Отец был в ударе. Этот сеанс имел скорый и большой успех у народа, а сам председатель коммуны, недавний боец с кулацким отродьем, глядя в экран, стучал культей руки по колену, давясь табачным дымом, и хохотал и материл царёву службу вслед за комментариями киномеханика, подбавляя жару и в без того пламенную речь последнего.
– Ну, Макарыч! Ну, кинщик! – восхищался он после сеанса. – Ну, удружил старому большевику! Пойдём ко мне домой водку пить!
На другой день областная дама, нервно затянувшись папироской, требовала у начальника отдела культуры категорического увольнения пропагандиста самого действенного искусства – кино.
– Идея правильная, но, каким языком он говорит!
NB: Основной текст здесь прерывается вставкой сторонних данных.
lemma vanishing_viscosity_test_inequality:
  fixes eps tau sg :: "nat \<Rightarrow> real" and U :: "nat \<Rightarrow> pt \<Rightarrow> real" and u phi :: "pt \<Rightarrow> real"
  assumes pos: "\<forall>k. eps k > 0 \<and> tau k > 0 \<and> sg k > 0"
    and eps: "eps \<longlonglongrightarrow> 0" and tau: "tau \<longlonglongrightarrow> 0" and sg: "sg \<longlonglongrightarrow> 0"
    and U: "\<forall>k. reg_solution (eps k) (tau k) (sg k) u0 (U k)"
    and lim: "\<forall>K. compact K \<and> K \<subseteq> {p. tc p \<ge> 0} \<longrightarrow> uniform_limit K U u sequentially"
    and s: "s = 1 \<or> s = -1" and "tc p > 0" and phi: "smooth_fun phi" and "r > 0"
    and touch: "\<forall>q. dist q p < r \<and> tc q > 0 \<longrightarrow> s * (u q - phi q) \<le> s * (u p - phi p)"
  shows "\<exists>q. sqrt ((q 1)\<^sup>2 + (q 2)\<^sup>2) \<le> 1 \<and> s * partial 3 phi p \<le> s * deg_op q phi p \<and>
    (grad0_sq phi p \<noteq> 0 \<longrightarrow> deg_op q phi p = mc_op phi p)"
proof -
  have phi': "C2_fun phi"
    using C2_if_smooth[OF phi] .
  obtain \<rho> pk where \<rho>: "\<rho> > 0" "2 * \<rho> \<le> tc p" and "pk \<longlonglongrightarrow> p"
    and pk_max: "\<And>k q. dist q p \<le> \<rho> \<Longrightarrow>
      s * (U k q - phi q) - dist q p ^ 4 \<le> s * (U k (pk k) - phi (pk k)) - dist (pk k) p ^ 4"
    using vanishing_viscosity_penalized_maximizers[OF U lim phi' \<open>tc p > 0\<close> \<open>r > 0\<close> touch]
    by blast
  have "\<forall>\<^sub>F k in sequentially. dist (pk k) p < \<rho> / 2"
    using tendstoD[OF \<open>pk \<longlonglongrightarrow> p\<close>, of "\<rho> / 2"] \<rho>(1) by simp
  then have "\<forall>\<^sub>F k in sequentially. s * partial 3 (perturbed phi s p) (pk k)
      \<le> s * regularized_operator (eps k) (tau k) (sg k) (perturbed phi s p) (pk k)"
  proof eventually_elim
    case (elim k)
    show ?case
    proof (rule regularized_touching_at_penalized_max[OF _ _ _ s phi'])
      show "\<rho> / 2 \<le> tc (pk k)"
        using abs_tc_diff_le_dist[of "pk k" p] elim \<rho>(2) by linarith
      show "s * (U k q - phi q) - dist q p ^ 4 \<le> s * (U k (pk k) - phi (pk k)) - dist (pk k) p ^ 4"
        if "dist q (pk k) < \<rho> / 2" for q
        using that elim dist_triangle[of q p "pk k"] by (intro pk_max) simp
    qed (use U pos \<rho>(1) in auto)
  qed
  with pos show ?thesis
    by (intro limit_of_touching_inequalities[OF phi' s \<open>pk \<longlonglongrightarrow> p\<close> eps tau sg]) (auto simp: less_imp_le)
qed

lemma viscosity_solutionI:
  assumes cont: "continuous_on {p. tc p \<ge> 0} u"
    and test: "\<And>s p phi r. s = 1 \<or> s = -1 \<Longrightarrow> tc p > 0 \<Longrightarrow> smooth_fun phi \<Longrightarrow> r > 0 \<Longrightarrow>
      \<forall>q. dist q p < r \<and> tc q > 0 \<longrightarrow> s * (u q - phi q) \<le> s * (u p - phi p) \<Longrightarrow>
      \<exists>q. sqrt ((q 1)\<^sup>2 + (q 2)\<^sup>2) \<le> 1 \<and> s * partial 3 phi p \<le> s * deg_op q phi p \<and>
        (grad0_sq phi p \<noteq> 0 \<longrightarrow> deg_op q phi p = mc_op phi p)"
  shows "viscosity_solution u"
proof -
  have "viscosity_subsolution u"
    unfolding viscosity_subsolution_def
  proof (rule conjI[OF cont], intro allI impI)
    fix p phi
    assume "0 < tc p \<and> smooth_fun phi \<and> (\<exists>r>0. \<forall>q. dist q p < r \<and> 0 < tc q \<longrightarrow> u q - phi q \<le> u p - phi p)"
    then obtain r where "tc p > 0" "smooth_fun phi" "r > 0"
      and r: "\<forall>q. dist q p < r \<and> tc q > 0 \<longrightarrow> u q - phi q \<le> u p - phi p"
      by blast
    then have "\<exists>q. sqrt ((q 1)\<^sup>2 + (q 2)\<^sup>2) \<le> 1 \<and> 1 * partial 3 phi p \<le> 1 * deg_op q phi p \<and>
        (grad0_sq phi p \<noteq> 0 \<longrightarrow> deg_op q phi p = mc_op phi p)"
      by (intro test[where r = r]) simp_all
    then show "(grad0_sq phi p \<noteq> 0 \<longrightarrow> partial 3 phi p \<le> mc_op phi p) \<and>
      (grad0_sq phi p = 0 \<longrightarrow> (\<exists>q. sqrt ((q 1)\<^sup>2 + (q 2)\<^sup>2) \<le> 1 \<and> partial 3 phi p \<le> deg_op q phi p))"
      by auto
  qed
  moreover have "viscosity_supersolution u"
    unfolding viscosity_supersolution_def
  proof (rule conjI[OF cont], intro allI impI)
    fix p phi
    assume "0 < tc p \<and> smooth_fun phi \<and> (\<exists>r>0. \<forall>q. dist q p < r \<and> 0 < tc q \<longrightarrow> u p - phi p \<le> u q - phi q)"
    then obtain r where "tc p > 0" "smooth_fun phi" "r > 0"
      and r: "\<forall>q. dist q p < r \<and> tc q > 0 \<longrightarrow> u p - phi p \<le> u q - phi q"
      by blast
    then have "\<exists>q. sqrt ((q 1)\<^sup>2 + (q 2)\<^sup>2) \<le> 1 \<and> -1 * partial 3 phi p \<le> -1 * deg_op q phi p \<and>
        (grad0_sq phi p \<noteq> 0 \<longrightarrow> deg_op q phi p = mc_op phi p)"
      by (intro test[where r = r]) fastforce+
    then show "(grad0_sq phi p \<noteq> 0 \<longrightarrow> partial 3 phi p \<ge> mc_op phi p) \<and>
      (grad0_sq phi p = 0 \<longrightarrow> (\<exists>q. sqrt ((q 1)\<^sup>2 + (q 2)\<^sup>2) \<le> 1 \<and> partial 3 phi p \<ge> deg_op q phi p))"
      by auto
  qed
  ultimately show ?thesis
    by (simp add: viscosity_solution_def)
qed

lemma vanishing_viscosity_initial_datum:
  assumes U: "\<forall>k. reg_solution (eps k) (tau k) (sg k) u0 (U k)"
    and lim: "\<forall>K. compact K \<and> K \<subseteq> {p. tc p \<ge> 0} \<longrightarrow> uniform_limit K U u sequentially"
  shows "u (x, y, z, 0) = u0 (x, y, z)"
proof -
  have "(\<lambda>k. U k (x, y, z, 0)) \<longlonglongrightarrow> u (x, y, z, 0)"
    using tendsto_uniform_limitI[OF lim[rule_format, of "{(x, y, z, 0)}"]] by simp
  moreover have "U k (x, y, z, 0) = u0 (x, y, z)" for k
    using U reg_solutionD(3) by blast
  ultimately have "(\<lambda>k. u0 (x, y, z)) \<longlonglongrightarrow> u (x, y, z, 0)"
    by simp
  from LIMSEQ_unique[OF tendsto_const this] show ?thesis
    by simp
qed

text \<open>The Lipschitz bound is used only through continuity, and the hypotheses on \<open>u0\<close> only
  matter for the existence of \<open>u\<close>.\<close>

theorem mainTheorem4:
  fixes u0 :: "real \<times> real \<times> real \<Rightarrow> real" and u :: "pt \<Rightarrow> real"
  assumes u0_cont: "continuous_on UNIV u0"
    and u0_per: "\<forall>x y z. u0 (x, y, z + 2 * pi) = u0 (x, y, z)"
    and u0_const: "\<exists>S>0. \<exists>c. \<forall>x y z. x\<^sup>2 + y\<^sup>2 \<ge> S \<longrightarrow> u0 (x, y, z) = c"
    and u_lip: "\<exists>L. L-lipschitz_on {p. tc p \<ge> 0} u"
    and u_vv: "vanishing_viscosity_solution u0 u"
  shows "viscosity_solution u \<and> (\<forall>x y z. u (x, y, z, 0) = u0 (x, y, z))"
proof -
  obtain eps tau sg :: "nat \<Rightarrow> real" and U :: "nat \<Rightarrow> pt \<Rightarrow> real" where
    pos: "\<forall>k. eps k > 0 \<and> tau k > 0 \<and> sg k > 0"
    and eps: "eps \<longlonglongrightarrow> 0" and tau: "tau \<longlonglongrightarrow> 0" and sg: "sg \<longlonglongrightarrow> 0"
    and U: "\<forall>k. reg_solution (eps k) (tau k) (sg k) u0 (U k)"
    and lim: "\<forall>K. compact K \<and> K \<subseteq> {p. tc p \<ge> 0} \<longrightarrow> uniform_limit K U u sequentially"
    using u_vv unfolding vanishing_viscosity_solution_def by blast
  have "continuous_on {p. tc p \<ge> 0} u"
    using u_lip lipschitz_on_continuous_on by blast
  then have "viscosity_solution u"
    by (rule viscosity_solutionI) (rule vanishing_viscosity_test_inequality[OF pos eps tau sg U lim])
  with vanishing_viscosity_initial_datum[OF U lim] show ?thesis
    by blast
qed

end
Форменное бескультурье! И кто его просит авторизировать текст великого режиссёра? Там же есть титры. У нас народ грамотный, прочитает и другим расскажет. Нет-нет-нет! – выставляет она свою узкую ладонь, стараясь прекратить возражения. – Увольнять! Только увольнять!
Начальник районного отдела культуры показывает ей бухгалтерские документы, где по всем показателям этот киномеханик стоит в передовиках.
– Вот! – кладёт начальник перед проверяющей дамой бумагу. – У него годовой финансовый план выполнен в мае месяце. У нас он один в районе такой. Давай лучше уволим одну книгоношу. Их вон сколько! А книг всё равно нет. Киномеханик Макаров ведёт партийную линию доходчивыми словами, а это в наше время тоже борьба на фронте защиты идей революции. Вы же не против ленинских заветов? – хитро прищурился он. – Верно? Ну, вот и хорошо! Об этом разговоре я никуда докладывать не буду, а то ещё там не так поймут. – Он дружески подмигнул сразу обмякшей даме. – Давайте я вам командировочку подпишу.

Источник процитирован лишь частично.